Beginning at the line containing "by (subst integral_sum[OF assms])", print every line until the records end, keeping each exactly as it is.
________________________
(* Let $s>3/2$. There is a constant $C>0$ such that for all $\sigma\in(1/2,1]$, all $\omega\in\{-1,1\}$, all integers $n\ge1$ and all $t\in\mathbb R$, the error $E=E^{\omega,n}(t)$ satisfies \[\|E(t)\|_{H^\sigma}\le\begin{cases}C\,n^{-2s+1+\sigma},& 3/2<s<2,\\ C\,n^{-s-1+\sigma},& s\ge2.\end{cases}\]
   Context: $\mathbb S=\mathbb R/(2\pi\mathbb Z)$. For $r\in\mathbb R$, $H^r(\mathbb S)$ is the Sobolev space with norm $\|u\|_{H^r}^2=\sum_{k\in\mathbb Z}(1+k^2)^r|\langle u,\phi_k\rangle|^2$, where $\phi_k(x)=e^{ikx}/\sqrt{2\pi}$, and $\Lambda^r=(1-\partial_x^2)^{r/2}$ is the Fourier multiplier with symbol $(1+k^2)^{r/2}$. For a function $u$ set $R(u):=7u_x^2-3u^4+2u^3-10u^2-2u$. For $s>3/2$, $\omega\in\{-1,1\}$ and integer $n\ge1$ define the approximate solution \[u^{\omega,n}(t,x):=\frac{\omega n^{-1}-1-n^{-s}\cos(nx+\omega t)}{14},\] and its error $E:=u^{\omega,n}_t-u^{\omega,n}_x-14u^{\omega,n}u^{\omega,n}_x-\partial_x\Lambda^{-2}R(u^{\omega,n})$. *)

theory Defs
  imports "HOL-Analysis.Analysis"
begin

text \<open>Fourier basis on the circle S = R/(2 pi Z), functions represented as 2pi-periodic maps on R.\<close>
definition phi :: "int \<Rightarrow> real \<Rightarrow> complex" where
  "phi k x = exp (\<i> * of_int k * of_real x) / of_real (sqrt (2 * pi))"

definition fcoeff :: "(real \<Rightarrow> complex) \<Rightarrow> int \<Rightarrow> complex" where
  "fcoeff u k = integral {0..2*pi} (\<lambda>x. u x * cnj (phi k x))"

definition sobolev_norm :: "real \<Rightarrow> (real \<Rightarrow> complex) \<Rightarrow> real" where
  "sobolev_norm r u =
     sqrt (\<Sum>\<^sub>\<infinity>k\<in>(UNIV::int set). (1 + (real_of_int k)^2) powr r * (cmod (fcoeff u k))^2)"

definition fmult :: "(int \<Rightarrow> complex) \<Rightarrow> (real \<Rightarrow> complex) \<Rightarrow> real \<Rightarrow> complex" where
  "fmult m u x = (\<Sum>\<^sub>\<infinity>k\<in>(UNIV::int set). m k * fcoeff u k * phi k x)"

definition dx_Lambda_m2 :: "(real \<Rightarrow> complex) \<Rightarrow> real \<Rightarrow> complex" where
  "dx_Lambda_m2 = fmult (\<lambda>k. \<i> * of_int k / of_real (1 + (real_of_int k)^2))"

definition uapp :: "real \<Rightarrow> real \<Rightarrow> nat \<Rightarrow> real \<Rightarrow> real \<Rightarrow> real" where
  "uapp s \<omega> n t x = (\<omega> / real n - 1 - real n powr (-s) * cos (real n * x + \<omega> * t)) / 14"

definition Rnl :: "(real \<Rightarrow> real) \<Rightarrow> real \<Rightarrow> real" where
  "Rnl u x = 7 * (deriv u x)^2 - 3 * (u x)^4 + 2 * (u x)^3 - 10 * (u x)^2 - 2 * u x"

definition Err :: "real \<Rightarrow> real \<Rightarrow> nat \<Rightarrow> real \<Rightarrow> real \<Rightarrow> complex" where
  "Err s \<omega> n t x =
     of_real (deriv (\<lambda>\<tau>. uapp s \<omega> n \<tau> x) t
              - deriv (\<lambda>y. uapp s \<omega> n t y) x
              - 14 * uapp s \<omega> n t x * deriv (\<lambda>y. uapp s \<omega> n t y) x)
     - dx_Lambda_m2 (\<lambda>y. of_real (Rnl (\<lambda>z. uapp s \<omega> n t z) y)) x"

end

theory Submission
  imports Defs
begin

text \<open>
  Write \<open>\<theta> = n x + \<omega> t\<close> and \<open>b = n\<^sup>-\<^sup>s\<close>.  The shift \<open>\<omega>/n\<close> in the approximate solution is chosen
  so that all terms linear in \<open>b\<close> cancel in \<open>u\<^sub>t - u\<^sub>x - 14 u u\<^sub>x\<close>, which equals
  \<open>b\<^sup>2 n sin \<theta> cos \<theta> / 14\<close>.  Both this residual and \<open>R(u)\<close> are trigonometric polynomials
  whose frequencies are multiples of \<open>n\<close> of size at most \<open>4n\<close>; on such functions the
  \<open>H\<^sup>\<sigma>\<close> weight is \<open>O(n\<^sup>2\<^sup>\<sigma>)\<close>, while the symbol \<open>ik/(1+k\<^sup>2)\<close> of \<open>\<partial>\<^sub>x\<Lambda>\<^sup>-\<^sup>2\<close> vanishes at \<open>k = 0\<close>
  and is at most \<open>1/n\<close> elsewhere.  By Parseval, the residual contributes
  \<open>n\<^sup>\<sigma> b\<^sup>2 n\<close>, and \<open>R(u)\<close>, whose deviation from a constant is \<open>O(b\<^sup>2 n\<^sup>2 + b)\<close>, contributes
  \<open>n\<^sup>\<sigma> (b\<^sup>2 n + b/n)\<close>.  Which of \<open>n\<^sup>1\<^sup>-\<^sup>2\<^sup>s\<close> and \<open>n\<^sup>-\<^sup>s\<^sup>-\<^sup>1\<close> dominates depends on whether \<open>s < 2\<close>.
\<close>

lemma sqrt_2pi_squared:
  "complex_of_real (sqrt (2*pi)) * complex_of_real (sqrt (2*pi)) = complex_of_real (2*pi)"
  by (simp only: of_real_mult[symmetric]) (use pi_gt_zero in simp)

lemma sqrt_2pi_nonzero: "complex_of_real (sqrt (2*pi)) \<noteq> 0"
  using pi_gt_zero by simp

lemma phi_zero: "phi 0 x = 1 / complex_of_real (sqrt (2*pi))"
  unfolding phi_def by simp

lemma phi_mult: "phi k x * phi l x = phi (k + l) x / complex_of_real (sqrt (2*pi))"
proof -
  have "\<i> * of_int k * of_real x + \<i> * of_int l * of_real x = \<i> * of_int (k + l) * (of_real x :: complex)"
    by (simp add: algebra_simps)
  then have "exp (\<i> * of_int k * of_real x) * exp (\<i> * of_int l * of_real x)
      = exp (\<i> * of_int (k + l) * (of_real x :: complex))"
    by (simp only: exp_add[symmetric])
  then show ?thesis unfolding phi_def by (simp only: times_divide_times_eq divide_divide_eq_left)
qed

lemma phi_mult_cnj:
  "phi k x * cnj (phi j x) = exp (\<i> * of_int (k - j) * of_real x) / complex_of_real (2 * pi)"
proof -
  have "\<i> * of_int k * of_real x + - (\<i> * of_int j * of_real x) = \<i> * of_int (k - j) * (of_real x :: complex)"
    by (simp add: algebra_simps)
  then have "exp (\<i> * of_int k * of_real x) * exp (- (\<i> * of_int j * of_real x))
      = exp (\<i> * of_int (k - j) * of_real x)"
    by (simp only: exp_add[symmetric])
  then show ?thesis
    unfolding phi_def complex_cnj_divide complex_cnj_complex_of_real exp_cnj
    by (simp add: times_divide_times_eq sqrt_2pi_squared)
qed

lemma integral_exp_period:
  "integral {0..2*pi} (\<lambda>x. exp (\<i> * of_int m * of_real x)) = (if m = 0 then complex_of_real (2 * pi) else 0)"
proof (cases "m = 0")
  case True
  then show ?thesis by (simp add: scaleR_conv_of_real)
next
  case False
  have "exp ((\<i> * of_int m) * of_real (2*pi)) = (1::complex)"
    using exp_2pi_1_int[of m] by (simp add: algebra_simps)
  moreover have "integral {0..2*pi} (\<lambda>x. exp ((\<i> * of_int m) * complex_of_real x))
      = (exp ((\<i> * of_int m) * of_real (2*pi)) - 1) / (\<i> * of_int m)"
    by (rule Kronecker_Approximation_Theorem.integral_exp) (use False in auto)
  ultimately show ?thesis using False by simp
qed

lemma phi_orthonormal: "integral {0..2*pi} (\<lambda>x. phi k x * cnj (phi j x)) = (if k = j then 1 else 0)"
  unfolding phi_mult_cnj integral_divide integral_exp_period using pi_gt_zero by auto

lemma continuous_on_phi [continuous_intros]: "continuous_on A (phi k)"
  unfolding phi_def using sqrt_2pi_nonzero by (intro continuous_intros) auto

lemma fcoeff_trigpoly:
  assumes "finite K"
  shows "fcoeff (\<lambda>x. \<Sum>k\<in>K. c k * phi k x) j = (if j \<in> K then c j else 0)"
proof -
  have "fcoeff (\<lambda>x. \<Sum>k\<in>K. c k * phi k x) j
      = integral {0..2*pi} (\<lambda>x. \<Sum>k\<in>K. c k * (phi k x * cnj (phi j x)))"
    unfolding fcoeff_def by (simp add: sum_distrib_right mult.assoc)
  also have "\<dots> = (\<Sum>k\<in>K. c k * integral {0..2*pi} (\<lambda>x. phi k x * cnj (phi j x)))"
    by (subst integral_sum[OF assms])
       (auto intro!: integrable_continuous_interval continuous_intros)
  also have "\<dots> = (if j \<in> K then c j else 0)"
    using assms by (simp add: phi_orthonormal if_distrib sum.delta' cong: if_cong)
  finally show ?thesis .
qed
________________________
*SOLVED PROBLEM*:
    by (subst integral_sum[OF assms])
       (auto intro!: integrable_continuous_interval continuous_intros)
  also have "\<dots> = (if j \<in> K then c j else 0)"
    using assms by (simp add: phi_orthonormal if_distrib sum.delta' cong: if_cong)
  finally show ?thesis .
qed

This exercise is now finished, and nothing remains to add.